English Pointer - Temperament & Personality

Source: PetWave, Updated on July 16, 2015
English Pointer

Personality

English Pointers are a true sporting dog who should not be confined indoors for a long period of time. They are athletic and energetic, and are happiest when they are running. They are sweet, gentle animals who are polite and welcoming to strangers and shouldn't be relied upon to be watchful guard dogs. They are best suited for active families, preferably those who enjoy hunting.

Activity Requirements

English Pointers are rowdy and rambunctious and need a lot of exercise; and just when you think they've had enough, they'll probably want more. This breed was not designed to be a household pet, but rather to be a sturdy, reliable hunting companion in the field, and the modern Pointer has not lost this desire. For owners who do not hunt, a commitment should be made to enroll their pointer in tracking or agility activities in order to satisfy their need to run and think. If a Pointer does not get enough exercise, they will resort to barking and chewing which may develop severe anxiety.

Trainability

Training a Pointer in basic obedience can be difficult, but is an absolute necessity. They suffer from sporting dog ADD – they will be distracted by sights, sound and smells and will want to abandon training to chase after something more interesting. For this reason training should involve a lot food and should be conducted in short spurts. The two most valuable commands you can teach a rowdy pointer is “down” and “stay.”
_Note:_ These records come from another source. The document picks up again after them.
(* Let $c\ge 0$, $R>0$, $R\neq c$, and let $\mathcal{C}:x^2+y^2=R^2$. Let $\mathcal{D}$ be the ellipse $\frac{x^2}{(R^2+c^2)^2/(4R^2)}+\frac{y^2}{(R^2-c^2)^2/(4R^2)}=1$, which is centered at the origin with foci $(\pm c,0)$. Suppose some nondegenerate triangle inscribed in $\mathcal{C}$ is circumscribed about $\mathcal{D}$, and let $\mathcal{P}$ be the family of all such triangles. Then for every $\triangle ABC\in\mathcal{P}$, the three vertices of the tangential triangle of $\triangle ABC$ lie on the fixed ellipse $$\frac{x^2}{\frac{4R^6}{(R^2+c^2)^2}}+\frac{y^2}{\frac{4R^6}{(R^2-c^2)^2}}=1,$$ which is centered at the center of $\mathcal{D}$.
   Context: A triangle is circumscribed about a conic if each of its three sidelines is tangent to the conic. The tangential triangle of a non-right triangle $ABC$ is the triangle formed by the tangent lines to the circumcircle of $\triangle ABC$ at $A$, $B$, $C$. *)

theory Defs
  imports "HOL-Analysis.Analysis"
begin

definition on_circle :: "real \<Rightarrow> real \<times> real \<Rightarrow> bool" where
  "on_circle R P \<longleftrightarrow> (fst P)^2 + (snd P)^2 = R^2"

definition on_ellipse :: "real \<Rightarrow> real \<Rightarrow> real \<times> real \<Rightarrow> bool" where
  "on_ellipse a2 b2 P \<longleftrightarrow> (fst P)^2 / a2 + (snd P)^2 / b2 = 1"

text \<open>The line through the distinct points P, Q is tangent to the ellipse:
  it passes through a point T of the ellipse and its direction is orthogonal
  to the gradient of the ellipse equation at T.\<close>
definition line_tangent_ellipse :: "real \<Rightarrow> real \<Rightarrow> real \<times> real \<Rightarrow> real \<times> real \<Rightarrow> bool" where
  "line_tangent_ellipse a2 b2 P Q \<longleftrightarrow> P \<noteq> Q \<and>
     (\<exists>T. on_ellipse a2 b2 T \<and> collinear {P, Q, T} \<and>
          fst T * (fst Q - fst P) / a2 + snd T * (snd Q - snd P) / b2 = 0)"

definition circumscribed_about_ellipse ::
  "real \<Rightarrow> real \<Rightarrow> real \<times> real \<Rightarrow> real \<times> real \<Rightarrow> real \<times> real \<Rightarrow> bool" where
  "circumscribed_about_ellipse a2 b2 A B C \<longleftrightarrow>
     line_tangent_ellipse a2 b2 A B \<and> line_tangent_ellipse a2 b2 B C \<and>
     line_tangent_ellipse a2 b2 C A"

definition inscribed_triangle :: "real \<Rightarrow> real \<times> real \<Rightarrow> real \<times> real \<Rightarrow> real \<times> real \<Rightarrow> bool" where
  "inscribed_triangle R A B C \<longleftrightarrow>
     \<not> collinear {A, B, C} \<and> on_circle R A \<and> on_circle R B \<and> on_circle R C"

definition on_circle_tangent :: "real \<times> real \<Rightarrow> real \<times> real \<Rightarrow> bool" where
  "on_circle_tangent A X \<longleftrightarrow> (fst X - fst A) * fst A + (snd X - snd A) * snd A = 0"

definition tangential_vertex :: "real \<times> real \<Rightarrow> real \<times> real \<Rightarrow> real \<times> real \<Rightarrow> bool" where
  "tangential_vertex B C X \<longleftrightarrow> on_circle_tangent B X \<and> on_circle_tangent C X"

end

theory Submission
  imports Defs
begin

text \<open>The vertex of the tangential triangle opposite to \<open>A\<close> is the pole of the sideline \<open>BC\<close>
  with respect to the circle \<open>x\<^sup>2 + y\<^sup>2 = R\<^sup>2\<close>, and polarity in that circle maps the tangent
  lines of the ellipse \<open>x\<^sup>2/a2 + y\<^sup>2/b2 = 1\<close> to the points of the dual ellipse
  \<open>a2 x\<^sup>2 + b2 y\<^sup>2 = R\<^sup>4\<close>. With the given \<open>a2\<close> and \<open>b2\<close> this dual ellipse is the one claimed.\<close>

lemma inner_real_pair: "x \<bullet> y = fst x * fst y + snd x * snd y" for x y :: "real \<times> real"
  by (simp add: inner_prod_def)

definition ellipse_normal :: "real \<Rightarrow> real \<Rightarrow> real \<times> real \<Rightarrow> real \<times> real" where
  "ellipse_normal a2 b2 T = (fst T / a2, snd T / b2)"

lemma on_ellipse_iff_normal: "on_ellipse a2 b2 T \<longleftrightarrow> ellipse_normal a2 b2 T \<bullet> T = 1"
  by (simp add: on_ellipse_def ellipse_normal_def inner_real_pair power2_eq_square)

lemma line_tangent_ellipse_iff_normal:
  "line_tangent_ellipse a2 b2 P Q \<longleftrightarrow> P \<noteq> Q \<and>
     (\<exists>T. ellipse_normal a2 b2 T \<bullet> T = 1 \<and> collinear {P, Q, T} \<and>
          ellipse_normal a2 b2 T \<bullet> (Q - P) = 0)"
  by (simp add: line_tangent_ellipse_def on_ellipse_iff_normal ellipse_normal_def inner_real_pair)

lemma on_circle_tangent_iff_inner:
  assumes "on_circle R A"
  shows "on_circle_tangent A X \<longleftrightarrow> X \<bullet> A = R\<^sup>2"
  using assms
  by (auto simp: on_circle_tangent_def on_circle_def inner_real_pair power2_eq_square algebra_simps)

lemma inner_eq_on_line:
  fixes B C T X :: "'a::real_inner"
  assumes "B \<noteq> C" and "collinear {B, C, T}" and "X \<bullet> B = r" and "X \<bullet> C = r"
  shows "X \<bullet> T = r"
proof -
  have "collinear {B, T, C}"
    using assms(2) by (simp add: insert_commute)
  then obtain u where "T = u *\<^sub>R B + (1 - u) *\<^sub>R C"
    using assms(1) collinear_3_expand by blast
  then have "X \<bullet> T = u * (X \<bullet> B) + (1 - u) * (X \<bullet> C)"
    by (simp add: inner_add_right)
  then show ?thesis
    using assms(3,4) by (simp add: algebra_simps)
qed

lemma orthogonal_same_vector_parallel:
  fixes u v d :: "real \<times> real"
  assumes "d \<noteq> 0" and "v \<noteq> 0" and "u \<bullet> d = 0" and "v \<bullet> d = 0"
  obtains k where "u = k *\<^sub>R v"
proof -
  obtain u1 u2 v1 v2 d1 d2 where uvd: "u = (u1, u2)" "v = (v1, v2)" "d = (d1, d2)"
    by (cases u, cases v, cases d)
  have ud: "u1 * d1 + u2 * d2 = 0" and vd: "v1 * d1 + v2 * d2 = 0"
    using assms(3,4) uvd by (simp_all add: inner_real_pair)
  have "(u1 * v2 - u2 * v1) * d1 = v2 * (u1 * d1 + u2 * d2) - u2 * (v1 * d1 + v2 * d2)"
    and "(u1 * v2 - u2 * v1) * d2 = u1 * (v1 * d1 + v2 * d2) - v1 * (u1 * d1 + u2 * d2)"
    by (simp_all add: algebra_simps)
  then have "(u1 * v2 - u2 * v1) * d1 = 0" and "(u1 * v2 - u2 * v1) * d2 = 0"
    by (simp_all add: ud vd)
  then have cross: "u1 * v2 = u2 * v1"
    using assms(1) uvd by (auto simp: zero_prod_def)
  show ?thesis
  proof (cases "v1 = 0")
    case True
    then have "v2 \<noteq> 0"
      using assms(2) uvd by (auto simp: zero_prod_def)
    then show ?thesis
      using that[of "u2 / v2"] cross True uvd by (auto simp: field_simps)
  next
    case False
    then show ?thesis
      using that[of "u1 / v1"] cross uvd by (auto simp: field_simps)
  qed
qed

lemma tangential_vertex_on_dual_ellipse:
  assumes "a2 > 0" and "b2 > 0" and "R \<noteq> 0"
    and "on_circle R B" and "on_circle R C"
    and "line_tangent_ellipse a2 b2 B C" and "tangential_vertex B C X"
  shows "on_ellipse (R^4 / a2) (R^4 / b2) X"
proof -
  obtain T where "B \<noteq> C" and "collinear {B, C, T}"
    and normal_T: "ellipse_normal a2 b2 T \<bullet> T = 1"
    and normal_BC: "ellipse_normal a2 b2 T \<bullet> (C - B) = 0"
    using assms(6) unfolding line_tangent_ellipse_iff_normal by blast
  have "X \<bullet> B = R\<^sup>2" and "X \<bullet> C = R\<^sup>2"
    using assms(4,5,7) by (simp_all add: tangential_vertex_def on_circle_tangent_iff_inner)
  then have XT: "X \<bullet> T = R\<^sup>2" and XBC: "X \<bullet> (C - B) = 0"
    using \<open>B \<noteq> C\<close> \<open>collinear {B, C, T}\<close> inner_eq_on_line by (auto simp: inner_diff_right)
  have "X \<noteq> 0"
    using XT assms(3) by auto
  then obtain k where "ellipse_normal a2 b2 T = k *\<^sub>R X"
    using orthogonal_same_vector_parallel \<open>B \<noteq> C\<close> normal_BC XBC by (metis right_minus_eq)
  then have "fst T / a2 = k * fst X" and "snd T / b2 = k * snd X"
    by (simp_all add: ellipse_normal_def prod_eq_iff)
  then have T: "T = (k * a2 * fst X, k * b2 * snd X)"
    using assms(1,2) by (simp add: prod_eq_iff field_simps)
  define S where "S = a2 * (fst X)\<^sup>2 + b2 * (snd X)\<^sup>2"
  have "k\<^sup>2 * S = 1"
    using normal_T assms(1,2) unfolding T S_def
    by (simp add: ellipse_normal_def inner_real_pair power2_eq_square algebra_simps)
  then have "S = (k * S)\<^sup>2"
    by (simp add: power2_eq_square algebra_simps)
  also have "k * S = R\<^sup>2"
    using XT unfolding T S_def by (simp add: inner_real_pair power2_eq_square algebra_simps)
  finally have "S = R^4"
    by simp
  then show ?thesis
    using assms(1-3) unfolding on_ellipse_def S_def by (simp add: field_simps)
qed

theorem theorem5p10:
  fixes c R :: real
  assumes "c \<ge> 0" and "R > 0" and "R \<noteq> c"
    and "\<exists>A0 B0 C0. inscribed_triangle R A0 B0 C0 \<and>
           circumscribed_about_ellipse ((R^2 + c^2)^2 / (4 * R^2)) ((R^2 - c^2)^2 / (4 * R^2)) A0 B0 C0"
  shows "\<forall>A B C. inscribed_triangle R A B C \<and>
           circumscribed_about_ellipse ((R^2 + c^2)^2 / (4 * R^2)) ((R^2 - c^2)^2 / (4 * R^2)) A B C
         \<longrightarrow> (\<forall>X. (tangential_vertex B C X \<or> tangential_vertex C A X \<or> tangential_vertex A B X)
                 \<longrightarrow> on_ellipse (4 * R^6 / (R^2 + c^2)^2) (4 * R^6 / (R^2 - c^2)^2) X)"
proof (intro allI impI)
  fix A B C X
  define a2 where "a2 = (R\<^sup>2 + c\<^sup>2)\<^sup>2 / (4 * R\<^sup>2)"
  define b2 where "b2 = (R\<^sup>2 - c\<^sup>2)\<^sup>2 / (4 * R\<^sup>2)"
  assume "inscribed_triangle R A B C \<and> circumscribed_about_ellipse a2 b2 A B C"
    and "tangential_vertex B C X \<or> tangential_vertex C A X \<or> tangential_vertex A B X"
  moreover have "a2 > 0"
    using assms(2) by (simp add: a2_def add_pos_nonneg)
  moreover have "b2 > 0"
    using assms by (simp add: b2_def power2_eq_iff_nonneg)
  moreover have "R \<noteq> 0"
    using assms(2) by simp
  ultimately have "on_ellipse (R^4 / a2) (R^4 / b2) X"
    using tangential_vertex_on_dual_ellipse
    unfolding inscribed_triangle_def circumscribed_about_ellipse_def by metis
  moreover have "R^4 / a2 = 4 * R^6 / (R\<^sup>2 + c\<^sup>2)\<^sup>2" and "R^4 / b2 = 4 * R^6 / (R\<^sup>2 - c\<^sup>2)\<^sup>2"
    using assms(2) by (simp_all add: a2_def b2_def field_simps eval_nat_numeral)
  ultimately show "on_ellipse (4 * R^6 / (R\<^sup>2 + c\<^sup>2)\<^sup>2) (4 * R^6 / (R\<^sup>2 - c\<^sup>2)\<^sup>2) X"
    by simp
qed

end
section \<open>Integer polynomials and their reductions\<close>

definition of_int_mpoly :: "('a \<Rightarrow>\<^sub>0 int) \<Rightarrow> ('a \<Rightarrow>\<^sub>0 'k::comm_ring_1)" where
  "of_int_mpoly = Poly_Mapping.map of_int"

lemma lookup_of_int_mpoly [simp]: "lookup (of_int_mpoly p) \<mu> = of_int (lookup p \<mu>)"
  by (simp add: of_int_mpoly_def Poly_Mapping.map.rep_eq when_def)

lemma red_p_eq_of_int_mpoly: "red_p = of_int_mpoly"
  by (simp add: red_p_def of_int_mpoly_def fun_eq_iff)

lemma keys_of_int_mpoly: "keys (of_int_mpoly p) \<subseteq> keys p"
  by (auto simp: in_keys_iff)

lemma of_int_mpoly_add [simp]: "of_int_mpoly (p + q) = of_int_mpoly p + of_int_mpoly q"
  by (rule poly_mapping_eqI) (simp add: lookup_add)

lemma of_int_mpoly_diff [simp]: "of_int_mpoly (p - q) = of_int_mpoly p - of_int_mpoly q"
  by (rule poly_mapping_eqI) (simp add: lookup_minus)

lemma of_int_mpoly_0 [simp]: "of_int_mpoly 0 = 0"
  by (rule poly_mapping_eqI) simp

lemma of_int_mpoly_sum: "of_int_mpoly (sum f A) = (\<Sum>x\<in>A. of_int_mpoly (f x))"
  by (induction A rule: infinite_finite_induct) auto

lemma of_int_mpoly_single [simp]: "of_int_mpoly (single \<mu> c) = single \<mu> (of_int c)"
  by (rule poly_mapping_eqI) (simp add: lookup_single when_def)

lemma of_int_mpoly_mult [simp]:
  "of_int_mpoly (p * q :: 'a::monoid_add \<Rightarrow>\<^sub>0 int) = of_int_mpoly p * of_int_mpoly q"
proof -
  have "of_int_mpoly (p * q) =
      of_int_mpoly ((\<Sum>\<mu>\<in>keys p. single \<mu> (lookup p \<mu>)) * (\<Sum>\<nu>\<in>keys q. single \<nu> (lookup q \<nu>)))"
    using poly_mapping_sum_single[of p] poly_mapping_sum_single[of q] by simp
  also have "\<dots> = (\<Sum>\<mu>\<in>keys p. single \<mu> (of_int (lookup p \<mu>))) * (\<Sum>\<nu>\<in>keys q. single \<nu> (of_int (lookup q \<nu>)))"
    by (simp add: sum_distrib_left sum_distrib_right of_int_mpoly_sum mult_single)
  also have "\<dots> = of_int_mpoly p * of_int_mpoly q"
    using poly_mapping_sum_single[of p] poly_mapping_sum_single[of q]
    by (metis (no_types, lifting) of_int_mpoly_single of_int_mpoly_sum sum.cong)
  finally show ?thesis .
qed
(* Let $G$ be a chordal graph and let $\{C_1,\dots,C_k\}$ be a perfect ordering of its maximal cliques. Define $c:=\max_{i}|C_i|=\omega(G)$ and $s:=\max_i|S_i|$, where $S_i:=(C_1\cup\dots\cup C_{i-1})\cap C_i$ (with $S_1=\emptyset$). If $f:\mathbb{R}\to\mathbb{R}$ is such that $f[-]$ preserves positivity on $\mathcal{P}_{K_c}$ and is Loewner super-additive on $\mathcal{P}_{K_s}$, then $f[-]$ preserves positivity on $\mathcal{P}_G$.
   Context: Graphs are finite and simple; chordal means every cycle on at least four vertices has a chord; $\omega(G)$ is the clique number; $K_m$ is the complete graph on $m$ vertices. For a sequence $B_1,\dots,B_k$ of vertex subsets, set $H_j=B_1\cup\dots\cup B_j$ ($H_0=\emptyset$), $S_j=H_{j-1}\cap B_j$; the sequence is a perfect ordering if (i) for every $1<i\le k$ there is $j<i$ with $S_i\subset B_j$, and (ii) each $S_i$ induces a complete graph. For a graph $H$ on $\{1,\dots,n\}$, $\mathcal{P}_H$ is the set of real symmetric positive semidefinite $n\times n$ matrices $M$ with $m_{ij}=0$ whenever $i\neq j$ and $(i,j)$ is not an edge (so $\mathcal{P}_{K_n}$ is all $n\times n$ PSD matrices). $f[M]:=(f(m_{ij}))$; $f[-]$ preserves positivity on $\mathcal{P}_H$ if $f[M]\in\mathcal{P}_H$ for all $M\in\mathcal{P}_H$. Loewner super-additivity on $\mathcal{P}_H$ is defined for $f$ with $f(0)=0$: $f[M+N]-f[M]-f[N]\in\mathcal{P}_H$ for all $M,N\in\mathcal{P}_H$. *)

theory Defs
  imports Complex_Main
begin

definition simple_graph :: "nat \<Rightarrow> (nat \<Rightarrow> nat \<Rightarrow> bool) \<Rightarrow> bool" where
  "simple_graph n E \<longleftrightarrow> (\<forall>i j. E i j \<longrightarrow> i < n \<and> j < n) \<and>
     (\<forall>i j. E i j \<longrightarrow> E j i) \<and> (\<forall>i. \<not> E i i)"

definition is_cycle :: "nat \<Rightarrow> (nat \<Rightarrow> nat \<Rightarrow> bool) \<Rightarrow> nat list \<Rightarrow> bool" where
  "is_cycle n E vs \<longleftrightarrow> length vs \<ge> 3 \<and> distinct vs \<and> set vs \<subseteq> {0..<n} \<and>
     (\<forall>i < length vs. E (vs ! i) (vs ! ((i + 1) mod length vs)))"

definition has_chord :: "(nat \<Rightarrow> nat \<Rightarrow> bool) \<Rightarrow> nat list \<Rightarrow> bool" where
  "has_chord E vs \<longleftrightarrow> (\<exists>i < length vs. \<exists>j < length vs. i \<noteq> j \<and>
     j \<noteq> (i + 1) mod length vs \<and> i \<noteq> (j + 1) mod length vs \<and> E (vs ! i) (vs ! j))"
House training a Pointer is a long process and many breeders and trainers recommend crating a Pointer until he gets the hang of it, which can unfortunately be several months.

Behavioral Traits

Chasing is the Pointers biggest problem. Unless they are hunting in the field, they should be kept in a fenced-in yard or on a leash at all times. They will chase after anything that moves, and once they give chase, they are completely deaf to your calls to return home.

Rowdiness and hyperactivity are common in Pointers, even those who are properly exercised. They are always brimming with energy and love to greet everyone they meet, which usually involves a lot of jumping. Teaching a Pointer “down” and “stay” can save you from alienating your friends and neighbors.